══ THE DATA

(* Let $n=2$ and let $(X,\mathbf h,\Lambda,\widetilde B)$ be a coprime quantum seed, with $X'_1,X'_2$ the corresponding cluster variables of $\mu_1(X,\mathbf h,\Lambda,\widetilde B)$ and $\mu_2(X,\mathbf h,\Lambda,\widetilde B)$. Then $$\mathbb{ZP}[X_1,X'_1,X_2,X'_2]=\mathbb{ZP}[X_1,X'_1,X_2^{\pm1}]\cap\mathbb{ZP}[X_1^{\pm1},X_2,X'_2].$$
   Context: Notation: $[a,b]=\{a,a+1,\dots,b\}$; $[x]_+=\max(x,0)$, applied entrywise to vectors; $e_1,\dots,e_m$ is the standard basis of $\mathbb Z^m$. Fix integers $m\ge n\ge 1$. A compatible pair $(\Lambda,\widetilde B)$ consists of an $m\times n$ integer matrix $\widetilde B=(b_{kl})$ and a skew-symmetric $m\times m$ integer matrix $\Lambda$ such that $\Lambda\widetilde B=-\begin{bmatrix}D\\0\end{bmatrix}$ for some $D=\mathrm{diag}(\tilde d_1,\dots,\tilde d_n)$ with all $\tilde d_k\in\mathbb Z_{>0}$. Write $\Lambda(a,b)=a^T\Lambda b$. Fix positive integers $d_1,\dots,d_n$ such that $d_k$ divides every entry of the $k$-th column $b^k$ of $\widetilde B$; $\beta^k=\frac1{d_k}b^k$. The quantum torus $\mathcal T(\Lambda)$ is the $\mathbb Z[q^{\pm1/2}]$-algebra with basis $\{X(c)\mid c\in\mathbb Z^m\}$ and multiplication $X(c)X(d)=q^{\frac12\Lambda(c,d)}X(c+d)$; $\mathcal F$ is its skew field of fractions, $X_k=X(e_k)$. For $k\in[1,n]$, $\mathbf h_k=(h_{k,0},\dots,h_{k,d_k})$ with $h_{k,r}\in\mathbb Z[q^{\pm1/2}]$, $h_{k,r}=h_{k,d_k-r}$, $h_{k,0}=h_{k,d_k}=1$. A quantum seed $(X,\mathbf h,\Lambda,\widetilde B)$ consists of these data and the map $X:c\mapsto X(c)$. Its mutation in direction $i$ has cluster variables $X'_k=X_k$ for $k\ne i$ and $X'_i=\sum_{r=0}^{d_i}h_{i,r}X(r[\beta^i]_++(d_i-r)[-\beta^i]_+-e_i)$. $\mathbb{ZP}$ is the ring of Laurent polynomials in $X_{n+1},\dots,X_m$ with coefficients in $\mathbb Z[q^{\pm1/2}]$; for $Y_1,\dots,Y_s\in\mathcal F$, $\mathbb{ZP}[Y_1,\dots,Y_s]$ is the subring of $\mathcal F$ generated by $\mathbb{ZP}$ and the $Y_k$ (exponent $\pm1$ means both $Y$ and $Y^{-1}$ are adjoined). For $i\neq j$, the elements $X_iX'_i$ and $X_jX'_j$ (where $X'_k$ denotes the $k$-th cluster variable of $\mu_k$ of the seed) are coprime if there is no non-invertible element $c$ of the center of $\mathbb{ZP}[X_1,\dots,X_n]$ dividing both. A quantum seed is coprime if $X_iX'_i$ and $X_jX'_j$ are coprime for all $i\neq j\in[1,n]$. *)

theory Defs
  imports "HOL-Algebra.Generated_Rings"
begin

text \<open>Indices of Z^m run over 1..m; a vector of Z^m is a function
  nat => int vanishing outside 1..m. Matrices are functions nat => nat => int
  (entry (i,j) is M i j), only entries with indices in range matter.
  We write t = q^(1/2). The quantum torus T(Lambda) has Z-basis t^k X(c)
  (k in Z, c in Z^m); an element is a finitely supported function from
  keys (c,k) to Z.  Multiplication: (t^k X(c)) (t^l X(d)) = t^(k+l+Lambda(c,d)) X(c+d),
  i.e. X(c)X(d) = q^(Lambda(c,d)/2) X(c+d).\<close>

type_synonym zvec = "nat \<Rightarrow> int"
type_synonym qkey = "zvec \<times> int"
type_synonym qt = "qkey \<Rightarrow> int"

definition valid_vec :: "nat \<Rightarrow> zvec \<Rightarrow> bool" where
  "valid_vec m c \<longleftrightarrow> (\<forall>i. i \<notin> {1..m} \<longrightarrow> c i = 0)"

definition lam_form :: "nat \<Rightarrow> (nat \<Rightarrow> nat \<Rightarrow> int) \<Rightarrow> zvec \<Rightarrow> zvec \<Rightarrow> int" where
  "lam_form m L a b = (\<Sum>i\<in>{1..m}. \<Sum>j\<in>{1..m}. a i * L i j * b j)"

definition qkey_mul :: "nat \<Rightarrow> (nat \<Rightarrow> nat \<Rightarrow> int) \<Rightarrow> qkey \<Rightarrow> qkey \<Rightarrow> qkey" where
  "qkey_mul m L x y = ((\<lambda>i. fst x i + fst y i), snd x + snd y + lam_form m L (fst x) (fst y))"

definition qt_carrier :: "nat \<Rightarrow> qt set" where
  "qt_carrier m = {f. finite {x. f x \<noteq> 0} \<and> (\<forall>x. f x \<noteq> 0 \<longrightarrow> valid_vec m (fst x))}"

definition qt_mult :: "nat \<Rightarrow> (nat \<Rightarrow> nat \<Rightarrow> int) \<Rightarrow> qt \<Rightarrow> qt \<Rightarrow> qt" where
  "qt_mult m L f g = (\<lambda>z. \<Sum>p\<in>{(x, y). f x \<noteq> 0 \<and> g y \<noteq> 0 \<and> qkey_mul m L x y = z}.
       f (fst p) * g (snd p))"

definition qmon :: "zvec \<Rightarrow> int \<Rightarrow> qt" where
  "qmon c k = (\<lambda>x. if x = (c, k) then 1 else 0)"

definition qt_ring :: "nat \<Rightarrow> (nat \<Rightarrow> nat \<Rightarrow> int) \<Rightarrow> qt ring" where
  "qt_ring m L = \<lparr> carrier = qt_carrier m, monoid.mult = qt_mult m L,
      one = qmon (\<lambda>i. 0) 0, zero = (\<lambda>x. 0), add = (\<lambda>f g x. f x + g x) \<rparr>"

definition Xv :: "zvec \<Rightarrow> qt" where
  "Xv c = qmon c 0"

definition evec :: "nat \<Rightarrow> zvec" where
  "evec k = (\<lambda>i. if i = k then 1 else 0)"

definition pos_part :: "zvec \<Rightarrow> zvec" where
  "pos_part v = (\<lambda>i. max (v i) 0)"

text \<open>The coefficient ring Z[q^(+-1/2)], embedded in T(Lambda) as span of t^k X(0).\<close>
definition base_ring :: "nat \<Rightarrow> qt set" where
  "base_ring m = {f \<in> qt_carrier m. \<forall>x. f x \<noteq> 0 \<longrightarrow> fst x = (\<lambda>i. 0)}"

text \<open>ZP: Laurent polynomials in X_(n+1),...,X_m with coefficients in Z[q^(+-1/2)].\<close>
definition ZP :: "nat \<Rightarrow> nat \<Rightarrow> qt set" where
  "ZP m n = {f \<in> qt_carrier m. \<forall>x. f x \<noteq> 0 \<longrightarrow> (\<forall>i\<in>{1..n}. fst x i = 0)}"

definition ZP_adj :: "nat \<Rightarrow> nat \<Rightarrow> (nat \<Rightarrow> nat \<Rightarrow> int) \<Rightarrow> qt set \<Rightarrow> qt set" where
  "ZP_adj m n L Ys = generate_ring (qt_ring m L) (ZP m n \<union> Ys)"

definition compatible_pair ::
  "nat \<Rightarrow> nat \<Rightarrow> (nat \<Rightarrow> nat \<Rightarrow> int) \<Rightarrow> (nat \<Rightarrow> nat \<Rightarrow> int) \<Rightarrow> bool" where
  "compatible_pair m n L B \<longleftrightarrow>
     (\<forall>i\<in>{1..m}. \<forall>j\<in>{1..m}. L i j = - L j i) \<and>
     (\<exists>dt :: nat \<Rightarrow> int. (\<forall>k\<in>{1..n}. dt k > 0) \<and>
        (\<forall>i\<in>{1..m}. \<forall>k\<in>{1..n}.
           (\<Sum>j\<in>{1..m}. L i j * B j k) = (if i = k then - dt k else 0)))"

definition beta :: "nat \<Rightarrow> (nat \<Rightarrow> nat \<Rightarrow> int) \<Rightarrow> (nat \<Rightarrow> int) \<Rightarrow> nat \<Rightarrow> zvec" where
  "beta m B d k = (\<lambda>j. if j \<in> {1..m} then B j k div d k else 0)"

definition seed_data ::
  "nat \<Rightarrow> nat \<Rightarrow> (nat \<Rightarrow> nat \<Rightarrow> int) \<Rightarrow> (nat \<Rightarrow> int) \<Rightarrow> (nat \<Rightarrow> nat \<Rightarrow> qt) \<Rightarrow> bool" where
  "seed_data m n B d h \<longleftrightarrow>
     (\<forall>k\<in>{1..n}. d k > 0 \<and> (\<forall>j\<in>{1..m}. d k dvd B j k) \<and>
        (\<forall>r\<in>{0..nat (d k)}. h k r \<in> base_ring m \<and> h k r = h k (nat (d k) - r)) \<and>
        h k 0 = qmon (\<lambda>i. 0) 0 \<and> h k (nat (d k)) = qmon (\<lambda>i. 0) 0)"

definition mut_var ::
  "nat \<Rightarrow> (nat \<Rightarrow> nat \<Rightarrow> int) \<Rightarrow> (nat \<Rightarrow> nat \<Rightarrow> int) \<Rightarrow> (nat \<Rightarrow> int) \<Rightarrow> (nat \<Rightarrow> nat \<Rightarrow> qt) \<Rightarrow> nat \<Rightarrow> qt" where
  "mut_var m L B d h i =
     (\<lambda>x. \<Sum>r\<in>{0..nat (d i)}. qt_mult m L (h i r)
              (Xv (\<lambda>j. int r * pos_part (beta m B d i) j
                     + (d i - int r) * pos_part (\<lambda>l. - beta m B d i l) j - evec i j)) x)"

definition ring_center :: "nat \<Rightarrow> (nat \<Rightarrow> nat \<Rightarrow> int) \<Rightarrow> qt set \<Rightarrow> qt set" where
  "ring_center m L R = {c \<in> R. \<forall>r\<in>R. qt_mult m L c r = qt_mult m L r c}"

definition ring_invertible :: "nat \<Rightarrow> (nat \<Rightarrow> nat \<Rightarrow> int) \<Rightarrow> qt set \<Rightarrow> qt \<Rightarrow> bool" where
  "ring_invertible m L R c \<longleftrightarrow>
     (\<exists>e\<in>R. qt_mult m L c e = qmon (\<lambda>i. 0) 0 \<and> qt_mult m L e c = qmon (\<lambda>i. 0) 0)"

════

WHAT YOU NEED TO DO: Based on the records above, how many lines hold the string "exists"? Answer with the number by itself.

EXERCISE ANSWER: 2